Dans un secteur marqué par l’avènement des microbrasseries, la bière belge est bousculée par une concurrence internationale qui rompt avec les traditions.
Les Belges vont-ils perdre leur statut de champions brassicoles? Thomas Costenoble, organisateur du Brussels Beer Challenge (BBC), une compétition internationale dont la cinquième édition s’est achevée dimanche, a vu sa foi ébranlée.
En 2015, le premier prix du Brussels Beer Challenge, qui récompense la révélation de l’année, est allé à une bière de type Indian Pale Ale (IPA) américaine, brassée à Seattle. C’était la première fois que la Belgique cédait le haut du pavé.
Cette année, 1 250 bières de 36 pays se font concurrence pour conquérir les papilles de 80 jurés. La Belgique reste le principal compétiteur, avec environ 240 échantillons en provenance du Royaume. Mais elle est suivie de près par les États-Unis (210), et, plus surprenant pour un pays que l’on imagine plutôt de tradition vinicole, par l’Italie (210 également).
« La Belgique reste une référence », estime Thomas Costenoble. Pour preuve, les Américaines affichent souvent une référence «Belgian style» sur leurs étiquettes. Mais dans certaines catégories, les bières belges ne sont «plus aussi autoritaires dans leur qualité», note-t-il.
Face à l’engouement pour les bières artisanales, le marché a évolué. L’une des caractéristiques est la multiplication des brasseries, souvent de petite taille, dont la production fait la part belle à la qualité plutôt qu’à la quantité. Or, si le nombre d’établissements a augmenté entre 2009 et 2015 en Belgique, de 127 à 199 selon les chiffres de Brussels Beer Challenge, c’est une évolution en retrait par rapport à l’émulation internationale.
Une référence mise à mal par les chiffres
Aux États-Unis, le nombre de brasseries a explosé, passant de 1 596 à 4 225. Les voisins de la Belgique, débouchés privilégiés pour les mousses du Royaume, ont pris le train en marche : le nombre de brasseries a plus que triplé aux Pays-Bas (de 117 à 401) et en Italie (de 256 à 914). Il a doublé en France (de 332 à 663) ainsi qu’au Royaume-Uni (de 745 à 1 424).
« Les États-Unis et la Grande-Bretagne restent sans l’ombre d’un doute précurseurs en termes d’innovation dans la bière. Une innovation de très grande qualité », souligne de son côté Melissa Cole, auteure britannique spécialiste de bières et de gastronomie, membre du jury depuis les débuts du BBC. « La France et l’Italie ne sont toujours pas aussi avancées. Elles ont d’excellentes brasseries, mais celles-ci sont minoritaires.
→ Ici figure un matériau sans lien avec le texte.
lemma mean_square_le_ip_self:
  assumes f: "L2 f"
  shows "(mean f)\<^sup>2 \<le> ip f f"
proof -
  define c where "c = mean f"
  have fc: "L2 (\<lambda>x. f x - c)"
    using f L2_const by (rule L2_diff)
  have "0 \<le> ip (\<lambda>x. f x - c) (\<lambda>x. f x - c)"
    by (rule ip_self_nonneg)
  also have "\<dots> = ip f (\<lambda>x. f x - c) - c * mean (\<lambda>x. f x - c)"
    using ip_diff_left[OF f L2_const fc] by (simp add: ip_const_left)
  also have "\<dots> = ip f f - c\<^sup>2"
    using ip_diff_right[OF f L2_const f] mean_diff[OF f L2_const]
    by (simp add: ip_const_right mean_const c_def power2_eq_square)
  finally show ?thesis
    unfolding c_def by simp
qed

lemma set_integral_Icc_split:
  fixes f :: "real \<Rightarrow> real"
  assumes "a \<le> c" "c \<le> b" "set_integrable lborel {a..b} f"
  shows "(LINT t:{a..b}|lborel. f t) = (LINT t:{a..c}|lborel. f t) + (LINT t:{c..b}|lborel. f t)"
proof -
  have "set_integrable lborel {a..c} f" "set_integrable lborel {c..b} f"
    using assms by (auto intro: set_integrable_subset)
  moreover have "AE t in lborel. \<not> (t \<in> {a..c} \<and> t \<in> {c..b})"
    using AE_lborel_singleton[of c] by eventually_elim auto
  ultimately have "(LINT t:{a..c} \<union> {c..b}|lborel. f t) = (LINT t:{a..c}|lborel. f t) + (LINT t:{c..b}|lborel. f t)"
    by (intro set_integral_Un_AE) auto
  moreover have "{a..c} \<union> {c..b} = {a..b}"
    using assms by auto
  ultimately show ?thesis
    by simp
qed

lemma H10_L2_deriv: "H10 v dv \<Longrightarrow> L2 dv"
  unfolding H10_def by blast

lemma H10_eq_integral:
  assumes "H10 v dv" "x \<in> {0..1}"
  shows "v x = integral {0..x} dv"
proof -
  have "set_integrable lborel {0..x} dv"
    using assms(2) H10_L2_deriv[OF assms(1)] by (auto intro: L2_integrable_Icc)
  then show ?thesis
    using assms unfolding H10_def by (simp add: set_borel_integral_eq_integral(2))
qed

lemma H10_continuous:
  assumes "H10 v dv"
  shows "continuous_on {0..1} v"
proof -
  have "dv integrable_on {0..1}"
    using L2_integrable[OF H10_L2_deriv[OF assms]] by (rule set_borel_integral_eq_integral(1))
  then have "continuous_on {0..1} (\<lambda>x. integral {0..x} dv)"
    by (rule indefinite_integral_continuous_1)
  then show ?thesis
    by (rule continuous_on_eq) (simp add: H10_eq_integral[OF assms])
qed

lemma H10_L2: "H10 v dv \<Longrightarrow> L2 v"
  using H10_continuous continuous_on_imp_L2 by blast

lemma H10_at_0: "H10 v dv \<Longrightarrow> v 0 = 0"
  using H10_eq_integral[of v dv 0] by simp

lemma H10_mean_deriv: "H10 v dv \<Longrightarrow> mean dv = 0"
  unfolding H10_def mean_def by auto

lemma H10_integral_from:
  assumes v: "H10 v dv" and x: "x \<in> {0..1}"
  shows "(LINT t:{x..1}|lborel. dv t) = - v x"
  using set_integral_Icc_split[of 0 x 1 dv] x L2_integrable[OF H10_L2_deriv[OF v]] v
  unfolding H10_def by auto

lemma H10_diff:
  assumes v: "H10 v dv" and w: "H10 w dw"
  shows "H10 (\<lambda>x. v x - w x) (\<lambda>x. dv x - dw x)"
proof -
  have "(LINT t:{0..x}|lborel. dv t - dw t) = v x - w x" if x: "x \<in> {0..1}" for x
  proof -
    have "set_integrable lborel {0..x} dv" "set_integrable lborel {0..x} dw"
      using x H10_L2_deriv[OF v] H10_L2_deriv[OF w] by (auto intro: L2_integrable_Icc)
    then show ?thesis
      using v w x unfolding H10_def by simp
  qed
  moreover have "L2 (\<lambda>x. dv x - dw x)"
    using H10_L2_deriv[OF v] H10_L2_deriv[OF w] by (rule L2_diff)
  ultimately show ?thesis
    using v w unfolding H10_def by simp
qed

section \<open>Integration by parts\<close>

lemma integral_triangle_swap:
  fixes F G :: "real \<Rightarrow> real"
  assumes F: "integrable lborel F" and G: "integrable lborel G"
  shows "(\<integral>x. F x * (\<integral>t. G t * of_bool (t \<le> x) \<partial>lborel) \<partial>lborel) =
         (\<integral>t. G t * (\<integral>x. F x * of_bool (t \<le> x) \<partial>lborel) \<partial>lborel)"
proof -
  define K where "K x t = F x * G t * of_bool (t \<le> x)" for x t
  have [measurable]: "F \<in> borel_measurable borel" "G \<in> borel_measurable borel"
    using F G by auto
  have FG: "integrable (lborel \<Otimes>\<^sub>M lborel) (\<lambda>(x, t). F x * G t)"
  proof (rule lborel_pair.Fubini_integrable)
    show "(\<lambda>(x, t). F x * G t) \<in> borel_measurable (lborel \<Otimes>\<^sub>M lborel)"
      by measurable
    show "integrable lborel (\<lambda>x. \<integral>t. norm (case (x, t) of (x, t) \<Rightarrow> F x * G t) \<partial>lborel)"
      using F by (simp add: abs_mult integrable_abs)
    show "AE x in lborel. integrable lborel (\<lambda>t. case (x, t) of (x, t) \<Rightarrow> F x * G t)"
      using G by simp
  qed
  have "integrable (lborel \<Otimes>\<^sub>M lborel) (case_prod K)"
  proof (rule Bochner_Integration.integrable_bound[OF FG])
    show "case_prod K \<in> borel_measurable (lborel \<Otimes>\<^sub>M lborel)"
      unfolding K_def by measurable
    show "AE p in lborel \<Otimes>\<^sub>M lborel. norm (case_prod K p) \<le> norm (case p of (x, t) \<Rightarrow> F x * G t)"
      by (intro AE_I2) (auto simp: K_def abs_mult)
  qed
  then have "(\<integral>t. (\<integral>x. K x t \<partial>lborel) \<partial>lborel) = (\<integral>x. (\<integral>t. K x t \<partial>lborel) \<partial>lborel)"
    by (rule lborel_pair.Fubini_integral)
  moreover have "(\<lambda>t. K x t) = (\<lambda>t. F x * (G t * of_bool (t \<le> x)))" for x
    unfolding K_def by auto
  moreover have "(\<lambda>x. K x t) = (\<lambda>x. G t * (F x * of_bool (t \<le> x)))" for t
    unfolding K_def by auto
  ultimately show ?thesis
    by simp
qed

lemma H10_integration_by_parts:
  assumes f: "H10 f df" and g: "H10 g dg"
  shows "ip df g + ip f dg = 0"
proof -
  define F where "F x = indicator {0..1} x * df x" for x :: real
  define G where "G t = indicator {0..1} t * dg t" for t :: real
  have "integrable lborel F" "integrable lborel G"
    unfolding F_def G_def using L2_integrable H10_L2_deriv f g
    by (auto simp: set_integrable_def)
  note swap = integral_triangle_swap[OF this]
  have "(\<integral>t. G t * of_bool (t \<le> x) \<partial>lborel) = g x" if "x \<in> {0..1}" for x
  proof -
    have "(\<lambda>t. G t * of_bool (t \<le> x)) = (\<lambda>t. indicator {0..x} t * dg t)"
      using that by (auto simp: G_def indicator_def)
    then show ?thesis
      using g that unfolding H10_def set_lebesgue_integral_def by simp
  qed
  then have "ip df g = (\<integral>x. F x * (\<integral>t. G t * of_bool (t \<le> x) \<partial>lborel) \<partial>lborel)"
    unfolding ip_def set_lebesgue_integral_def F_def
    by (intro Bochner_Integration.integral_cong) (auto simp: indicator_def)
  moreover have "(\<integral>x. F x * of_bool (t \<le> x) \<partial>lborel) = - f t" if "t \<in> {0..1}" for t
  proof -
    have "(\<lambda>x. F x * of_bool (t \<le> x)) = (\<lambda>x. indicator {t..1} x * df x)"
      using that by (auto simp: F_def indicator_def)
    then show ?thesis
      using H10_integral_from[OF f that] unfolding set_lebesgue_integral_def by simp
  qed
  then have "(\<integral>t. G t * (\<integral>x. F x * of_bool (t \<le> x) \<partial>lborel) \<partial>lborel) =
      (\<integral>t. - (indicator {0..1} t * (f t * dg t)) \<partial>lborel)"
    unfolding G_def by (intro Bochner_Integration.integral_cong) (auto simp: indicator_def)
  then have "(\<integral>t. G t * (\<integral>x. F x * of_bool (t \<le> x) \<partial>lborel) \<partial>lborel) = - ip f dg"
    unfolding ip_def set_lebesgue_integral_def by simp
  ultimately show ?thesis
    using swap by simp
qed

section \<open>Primitives of piecewise linear functions\<close>

lemma Mh_diff:
  assumes p: "Mh n p" and q: "Mh n q"
  shows "Mh n (\<lambda>x. p x - q x)"
proof -
  have "\<exists>a b. \<forall>x\<in>{real (j-1)/real n..real j/real n}. p x - q x = a + b * x" if j: "j \<in> {1..n}" for j
  proof -
    obtain a b where "\<forall>x\<in>{real (j-1)/real n..real j/real n}. p x = a + b * x"
      using p j unfolding Mh_def by blast
    moreover obtain c d where "\<forall>x\<in>{real (j-1)/real n..real j/real n}. q x = c + d * x"
      using q j unfolding Mh_def by blast
    ultimately have "\<forall>x\<in>{real (j-1)/real n..real j/real n}. p x - q x = (a - c) + (b - d) * x"
      by (simp add: algebra_simps)
    then show ?thesis
      by blast
  qed
  then show ?thesis
    using p q unfolding Mh_def by (auto intro: continuous_on_diff)
qed
lemma real_cond_exp_pot_exogenous:
  assumes i: "i \<in> {1..n}" and j: "j \<in> {1..l}" and tau: "tau \<in> UNIV \<rightarrow> space ST"
    and L2: "integrable M (\<lambda>\<omega>. (pot l Y T i j tau \<omega>)\<^sup>2)"
    and A1: "cond_indep M (Fst M SX ST X T (obs l Y T) l i j)
      (sets (sigma (space M) {pot l Y T i j tau' -` B \<inter> space M | tau' B.
          tau' \<in> UNIV \<rightarrow> space ST \<and> B \<in> sets (borel :: real measure)}))
      (sets (treatment_algebra i j))"
  shows "AE \<omega> in M. real_cond_exp M (join_algebra M (Fst M SX ST X T (obs l Y T) l i j) (treatment_algebra i j))
      (pot l Y T i j tau) \<omega> = real_cond_exp M (Fst M SX ST X T (obs l Y T) l i j) (pot l Y T i j tau) \<omega>"
proof (rule real_cond_exp_join_cond_indep[OF subalgebra_Fst _ subalgebra_treatment_algebra[OF i j] A1])
  show "integrable M (pot l Y T i j tau)"
    using measurable_pot[OF i tau] L2 by (intro square_integrable_integrable) (simp add: square_integrable_def)
  show "subalgebra M (sigma (space M) {pot l Y T i j tau' -` B \<inter> space M | tau' B.
      tau' \<in> UNIV \<rightarrow> space ST \<and> B \<in> sets (borel :: real measure)})"
    using i by (intro subalgebra_sigma) (auto intro: measurable_sets[OF measurable_pot])
  show "pot l Y T i j tau \<in> borel_measurable (sigma (space M) {pot l Y T i j tau' -` B \<inter> space M | tau' B.
      tau' \<in> UNIV \<rightarrow> space ST \<and> B \<in> sets (borel :: real measure)})"
    using i tau by (intro measurable_sigma_vimages measurable_pot) auto
qed (use i j in auto)

end

theorem lemma2:
  fixes M :: "'a measure" and SX :: "'x measure" and ST :: "'t measure" and PX :: "'x measure"
    and X :: "nat \<Rightarrow> nat \<Rightarrow> 'a \<Rightarrow> 'x" and T :: "nat \<Rightarrow> nat \<Rightarrow> 'a \<Rightarrow> 't"
    and Y :: "nat \<Rightarrow> (nat \<Rightarrow> 't) \<Rightarrow> 'a \<Rightarrow> real"
    and \<phi> :: "nat \<Rightarrow> (nat \<Rightarrow> 'x) \<Rightarrow> (nat \<Rightarrow> 't) \<Rightarrow> real ^ 'd"
    and \<theta> :: "nat \<Rightarrow> real ^ 'd"
    and t0 :: 't and n l i j :: nat
  assumes P: "prob_space M"
    and t0: "t0 \<in> space ST"
    and X_meas: "\<And>i k. i \<in> {1..n} \<Longrightarrow> k \<in> {1..l} \<Longrightarrow> X i k \<in> M \<rightarrow>\<^sub>M SX"
    and T_meas: "\<And>i k. i \<in> {1..n} \<Longrightarrow> k \<in> {1..l} \<Longrightarrow> T i k \<in> M \<rightarrow>\<^sub>M ST"
    and Y_meas: "\<And>i. i \<in> {1..n} \<Longrightarrow>
        (\<lambda>(tau, \<omega>). Y i tau \<omega>) \<in> borel_measurable (PiM {1..l} (\<lambda>_. ST) \<Otimes>\<^sub>M M)"
    and phi_meas: "\<And>j. j \<in> {1..l} \<Longrightarrow>
        (\<lambda>(x, tau). \<phi> j x tau) \<in> borel_measurable (PiM {1..j} (\<lambda>_. SX) \<Otimes>\<^sub>M PiM {1..j} (\<lambda>_. ST))"
    and Y_L2: "\<And>i j tau. i \<in> {1..n} \<Longrightarrow> j \<in> {1..Suc l} \<Longrightarrow> tau \<in> UNIV \<rightarrow> space ST \<Longrightarrow>
        integrable M (\<lambda>\<omega>. (pot l Y T i j tau \<omega>)\<^sup>2)"
    and phi_L2: "\<And>i j c. i \<in> {1..n} \<Longrightarrow> j \<in> {1..l} \<Longrightarrow>
        integrable M (\<lambda>\<omega>. (phiv \<phi> j (\<lambda>k. X i k \<omega>) (\<lambda>k. T i k \<omega>) $ c)\<^sup>2)"
    and PX: "prob_space PX" "sets PX = sets SX"
    and X1_iid: "\<And>i A B. i \<in> {1..n} \<Longrightarrow> A \<in> sets SX \<Longrightarrow> B \<in> sets (Fep M SX ST X T (obs l Y T) l i) \<Longrightarrow>
        measure M (X i 1 -` A \<inter> space M \<inter> B) = measure PX A * measure M B"
    and A1: "\<And>i j. i \<in> {1..n} \<Longrightarrow> j \<in> {1..l} \<Longrightarrow>
        cond_indep M (Fst M SX ST X T (obs l Y T) l i j)
          (sets (sigma (space M) {pot l Y T i j tau -` B \<inter> space M | tau B.
                   tau \<in> UNIV \<rightarrow> space ST \<and> B \<in> sets (borel :: real measure)}))
          (sets (sigma (space M) {T i j -` C \<inter> space M | C. C \<in> sets ST}))"
    and A2_phi0: "\<And>j x tau. j \<in> {1..l} \<Longrightarrow> phiv \<phi> j x (tau(j := t0)) = 0"
    and A2: "\<And>i j. i \<in> {1..n} \<Longrightarrow> j \<in> {1..l} \<Longrightarrow>
        AE \<omega> in M. real_cond_exp M (Gst M SX ST X T (obs l Y T) l i j)
            (\<lambda>\<omega>. pot l Y T i (Suc j) (\<lambda>_. t0) \<omega> - pot l Y T i j (\<lambda>_. t0) \<omega>) \<omega>
          = \<theta> j \<bullet> phiv \<phi> j (\<lambda>k. X i k \<omega>) (\<lambda>k. T i k \<omega>)"
    and i: "i \<in> {1..n}" and j: "j \<in> {1..l}"
  shows "\<forall>c. AE \<omega> in M.
     real_cond_exp M (Fep M SX ST X T (obs l Y T) l i)
       (\<lambda>\<omega>. (obs l Y T i \<omega>
              - (\<Sum>j'\<in>{j..l}. \<theta> j' \<bullet> phiv \<phi> j' (\<lambda>k. X i k \<omega>) (\<lambda>k. T i k \<omega>)))
            * (phiv \<phi> j (\<lambda>k. X i k \<omega>) (\<lambda>k. T i k \<omega>) $ c
               - real_cond_exp M (Fst M SX ST X T (obs l Y T) l i j)
                   (\<lambda>\<omega>. phiv \<phi> j (\<lambda>k. X i k \<omega>) (\<lambda>k. T i k \<omega>) $ c) \<omega>)) \<omega> = 0"
proof -
  interpret sequential_episodes M SX ST X T Y n l
    by (intro sequential_episodes.intro sequential_episodes_axioms.intro P X_meas T_meas Y_meas)
  let ?Fs = "Fst M SX ST X T (obs l Y T) l i j"
  let ?\<phi> = "\<lambda>k \<omega>. phiv \<phi> k (\<lambda>k. X i k \<omega>) (\<lambda>k. T i k \<omega>)"
  have t0: "(\<lambda>_. t0) \<in> UNIV \<rightarrow> space ST"
    using t0 by simp
  have \<phi>_L2: "square_integrable M (\<lambda>\<omega>. ?\<phi> k \<omega> $ c)" if k: "k \<in> {1..l}" for k c
    using i k phi_L2 phi_meas
    by (auto simp: square_integrable_def intro!: measurable_compose[OF measurable_phiv_episode borel_measurable_nth])
  have "AE \<omega> in M. real_cond_exp M (Fep M SX ST X T (obs l Y T) l i)
      (\<lambda>\<omega>. (pot l Y T i (Suc l) (\<lambda>_. t0) \<omega> - (\<Sum>k\<in>{j..l}. \<theta> k \<bullet> ?\<phi> k \<omega>))
        * (?\<phi> j \<omega> $ c - real_cond_exp M ?Fs (\<lambda>\<omega>. ?\<phi> j \<omega> $ c) \<omega>)) \<omega> = 0" for c
  proof (rule telescoping_moment_condition[where G = "Gst M SX ST X T (obs l Y T) l i" and FB = "treatment_algebra i j"])
    show "square_integrable M (\<lambda>\<omega>. \<theta> k \<bullet> ?\<phi> k \<omega>)" if "k \<in> {j..l}" for k
      using that j by (intro square_integrable_inner \<phi>_L2) auto
  qed (use i j t0 A1 A2 Y_L2 \<phi>_L2 phi_meas in \<open>auto intro!: subalgebra_Fst subalgebra_Fst_Fep subalgebra_Gst
      subalgebra_Gst_Fst subalgebra_treatment_algebra real_cond_exp_pot_exogenous measurable_pot
      measurable_compose[OF measurable_phiv_Gst borel_measurable_nth]
      measurable_compose[OF measurable_phiv_join_treatment borel_measurable_nth]
      simp: square_integrable_def\<close>)
  then show ?thesis
    unfolding obs_eq_pot[of l Y T i "\<lambda>_. t0"] by blast
qed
Beaucoup de bières doivent être mieux produites et mieux embouteillées », poursuit-elle.
La Belgique, il y a encore quelques années, avait exactement le problème inverse selon elle : une excellente technique mais une innovation au ralenti. « Mais je suis ravie de voir que c’est en train de changer », rassure-t-elle. Il est vrai que le pays ne peut pas « s’endormir sur ses lauriers », reconnaît-elle. Le buveur de bière a évolué : plus cosmopolite, ouvert à différents alcools, différentes saveurs, mais aussi plus conscient des méfaits de l’alcool sur la santé et plus sensible aux campagnes contre l’alcool au volant.
Les Belges s’adaptent. Ils se sont mis à l’IPA, la bière du moment, fraîche, moins sucrée et plus amère. « Une bière très houblonnée, un cauchemar pour les vieux consommateurs et pour l’industrie », sourit Lorenzo Dabove, dégustateur professionnel originaire d’Italie. Son pays est l’un des plus dynamiques sur le marché, se lançant dans la «révolution de la bière artisanale» dès 1996, souligne ce passionné.
Le «made in Italy», ce sont des bières issues du terroir, avec des ingrédients locaux, froment, épeautre, fruits. Certains brasseurs italiens parviennent maintenant à exporter jusqu’à 70 % de leur production, s’affirmant comme des concurrents sérieux. Mais « la Belgique sera toujours unique », observe Melissa Cole. Les lambics, bières de fermentation spontanée produites à Bruxelles et ses alentours, bénéficient d’une protection géographique totale.